To further optimize for the ground state electronic structures, I also employed second-order orbital optimization on top of the ASD algorithm. In short, this method iteratively solves the eigendecomposition problem within the current subspace and optimizes for a better subspace in which the ground truth lies.

Relativistic Quantum Chemistry

I am also interested in incorporating relativistic effects for quantum molecular systems. Relativistic effects are particularly important for molecules containing transition-metal ions, e.g., Cu, Fe, which are essential elements in human body. For instance, hemoglobin is a protein in red blood cells which contains Fe ions and binds to oxygen, allowing the blood to transport oxygen from the lungs to the rest of our body.
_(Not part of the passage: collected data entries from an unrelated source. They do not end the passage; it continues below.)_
lemma locally_finite_compact_family_isolated:
  fixes Y :: "nat \<Rightarrow> 'b::metric_space set"
  assumes lc: "locally_compact_space (euclidean :: 'b topology)"
    and cY: "\<And>n. compact (Y n)"
    and fin: "\<And>K. compact K \<Longrightarrow> finite {n. Y n \<inter> K \<noteq> {}}"
  obtains e where "e > 0" "\<And>n. ball x e \<inter> Y n \<noteq> {} \<Longrightarrow> x \<in> Y n"
proof -
  have "\<exists>U. open U \<and> (\<exists>K. compact K \<and> x \<in> U \<and> U \<subseteq> K)"
    using lc by (simp add: locally_compact_space_def)
  then obtain U K where U: "open U" "compact K" "x \<in> U" "U \<subseteq> K" by blast
  define F where "F = (\<Union>n\<in>{n. Y n \<inter> K \<noteq> {} \<and> x \<notin> Y n}. Y n)"
  have "finite {n. Y n \<inter> K \<noteq> {} \<and> x \<notin> Y n}"
    by (rule finite_subset[OF _ fin[OF U(2)]]) auto
  then have "closed F"
    unfolding F_def using cY by (intro compact_imp_closed compact_UN) auto
  moreover have "x \<notin> F" unfolding F_def by auto
  ultimately obtain e1 where e1: "e1 > 0" "ball x e1 \<subseteq> - F"
    by (metis open_Compl open_contains_ball ComplI)
  obtain e2 where e2: "e2 > 0" "ball x e2 \<subseteq> U"
    using U open_contains_ball by blast
  show thesis
  proof
    show "min e1 e2 > 0" using e1 e2 by simp
    fix n assume "ball x (min e1 e2) \<inter> Y n \<noteq> {}"
    then obtain y where y: "y \<in> ball x e1" "y \<in> ball x e2" "y \<in> Y n" by auto
    then have "y \<in> K" using e2 U by blast
    show "x \<in> Y n"
    proof (rule ccontr)
      assume "x \<notin> Y n"
      with y(3) \<open>y \<in> K\<close> have "y \<in> F" unfolding F_def by blast
      with y(1) e1(2) show False by blast
    qed
  qed
qed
Figure | Workflow of the SCF solver with DKH scalar relativistic approximation.

I developed scalar relativistic models based on the Douglas-Kroll-Hess (DKH) algorithm. Compared with non-relativistic models, our formulation is slightly more complicated but achieves better numerical accuracy at affordable computational cost. The theoretical details is out of the scope of this post, but I am happy to discuss if you are interested. I personally find making derivations and implementing these models extremely exciting, especially when the first time my model works.